Alla pressione diplomatico-militare romana si aggiungevano elementi sempre nuovi, che contribuivano a ridisegnare la mappa degli insediamenti germanici, tramite un continuo rimescolamento etnico.
Più che ai popoli del Mare del Nord, l’interesse dei Romani era comunque rivolto a coloro che abitavano la riva destra del Reno ed ai lati della vasta depressione costituita dai bacini del Lippe e della Ruhr. Inevitabilmente, i popoli che qui vivevano, chiusi tra Suebi e Celti, erano particolarmente aggressivi.
Paradossalmente, data la loro fluidità e la vicinanza col mondo latino, erano anche i gruppi più permeabili alla romanizzazione ed agli influssi culturali esterni.
Lo stato di guerra permanente in un continuo attrito di forze contrapposte, la totale assenza di strutture organizzative complesse, il costante confronto militare con gli eserciti di Roma, col tempo condusse le varie comunità germaniche a costituire confederazioni tribali sempre più grandi e stabili (Alamanni; Franchi), formando una formidabile forza d’urto, che nel V secolo d.C. avrebbe finito col travolgere l’esangue mondo romano.
E proprio i Romani avranno della cosiddetta Germania sempre un’idea indefinita, legata alle testimonianze di pochi viaggiatori isolati (spesso mercanti), testimonianze di prigionieri di guerra, e rapporti militari stilati durante le varie spedizioni punitive oltre il Reno.
Attorno al 12 a.C. era particolarmente potente la confederazione dei Suebi, appartenenti al gruppo degli Herminones, in contatto con gli Ingvaeones (popolazioni frisone, stanziate lungo le coste del Mare del Nord) e con gli Istvaenos (i Cherusci, nell’Hannover occidentale). La tripartizione, a tutt’oggi comunemente accettata, viene elaborata per la prima volta dallo storico latino Publio Cornelio Tacito che, nel suo studio sull’origine dei popoli germanici (De origine et situ Germanorum), concentra la propria attenzione sulle tribù occidentali. Non foss’altro per motivi pratici: sono i popoli più prossimi alla frontiera renana dell’Impero e costituiscono l’opportunità per un interessante spunto monografico, carico di implicazioni morali, tanto care all’Autore.
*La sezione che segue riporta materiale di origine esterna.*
(* Let $f:\{0,1\}^n\to\{0,1\}$ be a Boolean function and $c\in\mathbb{R}^n_{\ge0}$ a cost vector. For every $\varepsilon\in(0,0.5]$ and $\beta>0$, there exists an $\varepsilon$-error online algorithm with unit investment $\beta$ (namely the algorithm Warmup-IPRR$(f,\varepsilon)$ described in the context) whose expected cost satisfies \[ \mathrm{avg\text{-}cost}_c \le \beta n + \frac{\mathrm{opt}^{\mathrm{w}}_0(f,c)}{\varepsilon}\sum_{i=1}^n \mathrm{Inf}_i[f]\left(1+\ln\frac{1}{\mathrm{Inf}_i[f]}\right). \]
   Context: Online priced query model: $f:\{0,1\}^n\to\{0,1\}$ is given; the input $x\in\{0,1\}^n$ and costs $c\in\mathbb{R}^n_{\ge0}$ are unknown. The algorithm maintains investments $\theta\in\mathbb{R}^n_{\ge0}$, initially $0$; each step it increases one $\theta_i$ by $\beta$; $x_i$ is revealed once $\theta_i\ge c_i$. The cost on input $x$ is $\|\theta\|_1$ at halting. Offline algorithms know $c$ and pay $c_i$ to reveal $x_i$. An algorithm is $\varepsilon$-error if $\Pr_{x}[\text{output}\ne f(x)]\le\varepsilon$ for uniform $x$. $\mathrm{avg\text{-}cost}_c$ is the expected cost over uniform $x$; $\mathrm{worst\text{-}cost}_c$ is the max over $x$. $\mathrm{opt}^{\mathrm{w}}_0(f,c)$ is the infimum of worst-case cost over all zero-error algorithms (offline or online). $\mathrm{Inf}_i[f]=\Pr_x[f(x)\ne f(x^{\oplus i})]$ ($x^{\oplus i}$: $x$ with bit $i$ flipped); terms with $\mathrm{Inf}_i[f]=0$ contribute $0$. For a restriction $\pi$ (partial assignment of variables), $f_\pi$ is the restricted function, and $\mathrm{bias}(g)=\min\{\Pr_x[g(x)\ne0],\Pr_x[g(x)\ne1]\}$. Warmup-IPRR$(f,\varepsilon)$: start with $\theta=0$, $\pi=\emptyset$; while $\mathrm{bias}(f_\pi)>\varepsilon$: pick $i^*\in\arg\max_i \mathrm{Inf}_i[f_\pi]/\theta_i$, increase $\theta_{i^*}$ by $\beta$, and if $x_{i^*}$ is revealed as $b$, add $x_{i^*}\mapsto b$ to $\pi$; finally output $\mathbf{1}\{\mathbb{E}_x[f_\pi(x)]\ge 1/2\}$. *)

theory Defs
  imports Complex_Main "HOL-Library.FuncSet" "HOL-Library.Extended_Real"
begin

text \<open>Boolean cube {0,1}^n: extensional functions on {0..<n} with values in bool
  (False = 0, True = 1). Probabilities are with respect to the uniform distribution.\<close>

definition cube :: "nat \<Rightarrow> (nat \<Rightarrow> bool) set" where
  "cube n = PiE {..<n} (\<lambda>_. UNIV)"

definition prob :: "nat \<Rightarrow> ((nat \<Rightarrow> bool) \<Rightarrow> bool) \<Rightarrow> real" where
  "prob n P = real (card {x \<in> cube n. P x}) / 2 ^ n"

definition flip :: "(nat \<Rightarrow> bool) \<Rightarrow> nat \<Rightarrow> (nat \<Rightarrow> bool)" where
  "flip x i = x(i := \<not> x i)"

definition infl :: "nat \<Rightarrow> ((nat \<Rightarrow> bool) \<Rightarrow> bool) \<Rightarrow> nat \<Rightarrow> real" where
  "infl n g i = prob n (\<lambda>x. g x \<noteq> g (flip x i))"

definition bias :: "nat \<Rightarrow> ((nat \<Rightarrow> bool) \<Rightarrow> bool) \<Rightarrow> real" where
  "bias n g = min (prob n (\<lambda>x. g x \<noteq> False)) (prob n (\<lambda>x. g x \<noteq> True))"

text \<open>Restriction f_\<pi> by a partial assignment \<pi> (viewed as a function of all n variables,
  ignoring the fixed ones).\<close>
definition restr :: "((nat \<Rightarrow> bool) \<Rightarrow> bool) \<Rightarrow> (nat \<Rightarrow> bool option) \<Rightarrow> (nat \<Rightarrow> bool) \<Rightarrow> bool" where
  "restr f \<pi> = (\<lambda>x. f (\<lambda>i. case \<pi> i of Some b \<Rightarrow> b | None \<Rightarrow> x i))"

text \<open>The ratio Inf_i/\<theta>_i, with the convention a/0 = \<infinity> for a > 0 and 0/0 = 0.\<close>
definition ratio :: "real \<Rightarrow> real \<Rightarrow> ereal" where
  "ratio a t = (if t = 0 then (if a > 0 then \<infinity> else 0) else ereal (a / t))"

text \<open>States of Warmup-IPRR: investments \<theta> and partial assignment \<pi>.
  A tie-breaking rule sel picks the index to invest in, given the current state.\<close>
type_synonym state = "(nat \<Rightarrow> real) \<times> (nat \<Rightarrow> bool option)"

definition is_iprr_rule ::
  "nat \<Rightarrow> ((nat \<Rightarrow> bool) \<Rightarrow> bool) \<Rightarrow> real \<Rightarrow> (state \<Rightarrow> nat) \<Rightarrow> bool" where
  "is_iprr_rule n f \<epsilon> sel \<longleftrightarrow>
     (\<forall>\<theta> \<pi>. bias n (restr f \<pi>) > \<epsilon> \<longrightarrow>
        sel (\<theta>, \<pi>) < n \<and>
        (\<forall>j<n. ratio (infl n (restr f \<pi>) j) (\<theta> j)
               \<le> ratio (infl n (restr f \<pi>) (sel (\<theta>, \<pi>))) (\<theta> (sel (\<theta>, \<pi>)))))"

definition iprr_step ::
  "(nat \<Rightarrow> real) \<Rightarrow> real \<Rightarrow> (state \<Rightarrow> nat) \<Rightarrow> (nat \<Rightarrow> bool) \<Rightarrow> state \<Rightarrow> state" where
  "iprr_step c \<beta> sel x s =
     (let i = sel s; \<theta>' = (fst s)(i := fst s i + \<beta>)
      in (\<theta>', if \<theta>' i \<ge> c i then (snd s)(i \<mapsto> x i) else snd s))"

definition iprr_run ::
  "(nat \<Rightarrow> real) \<Rightarrow> real \<Rightarrow> (state \<Rightarrow> nat) \<Rightarrow> (nat \<Rightarrow> bool) \<Rightarrow> nat \<Rightarrow> state" where
  "iprr_run c \<beta> sel x k = (iprr_step c \<beta> sel x ^^ k) (\<lambda>_. 0, Map.empty)"

definition iprr_halts_at ::
  "nat \<Rightarrow> ((nat \<Rightarrow> bool) \<Rightarrow> bool) \<Rightarrow> (nat \<Rightarrow> real) \<Rightarrow> real \<Rightarrow> real \<Rightarrow> (state \<Rightarrow> nat)
     \<Rightarrow> (nat \<Rightarrow> bool) \<Rightarrow> nat \<Rightarrow> bool" where
  "iprr_halts_at n f c \<epsilon> \<beta> sel x k \<longleftrightarrow>
     bias n (restr f (snd (iprr_run c \<beta> sel x k))) \<le> \<epsilon>"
De origine et situ Germanorum, scritto da Tacito intorno al 98 d.C. e meglio conosciuto come “Germania”, nel suo genere è un’opera unica nell’ambito della letteratura latina. Si tratta di una vera escursione etnografica, con tanto di indagine geografica, tra popolazioni irriducibilmente nemiche della cosiddetta Germania Magna.

La minaccia germanica è un tema sempre presente nella coscienza di Tacito e trascorre sui primi capitoli degli Annales: a Germanico, il giovane principe che comandava le legioni sul Reno nei primi anni dopo la disfatta di Teutoburgo (9 d.C.), Tacito fa pronunciare parole che riflettono il suo timore per quelle orde bellicose e feroci (Annales; II, 21): «Non c’è bisogno di prigionieri – dice il giovane ai legionari, incitandoli al massacro – solo lo sterminio di questa gente segnerà la fine delle guerre…» 
Nella descrizione del costume germanico, Tacito non nasconde una certa ammirazione per il loro valore, la fedeltà al capo, la castità delle donne, la sobrietà del vivere. Uno dei motivi che lo indussero a comporre l’opera fu anche fu anche l’intento di risvegliare le coscienze dell’Urbe e far intendere la gravità del pericolo. E nel costume povero e severo di quei popoli lo storico si propone di richiamare i suoi compatrioti, adagiati nella mollezza della grande città.

  (Lidia Storoni Mazzolani)

Tacito, tra gli scrittori antichi, è colui che più di ogni altro contribuisce a delineare un quadro più o meno completo sulla distribuzione territoriale delle singole tribù, fornendoci una certa conoscenza etnografica delle medesime, non sempre esatta ma comunque notevole, che ci permette di orientarci tra un’infinità di stirpi irrequiete, consegnandoci un contributo storico non indifferente e la maggior parte dei dati che oggi conosciamo.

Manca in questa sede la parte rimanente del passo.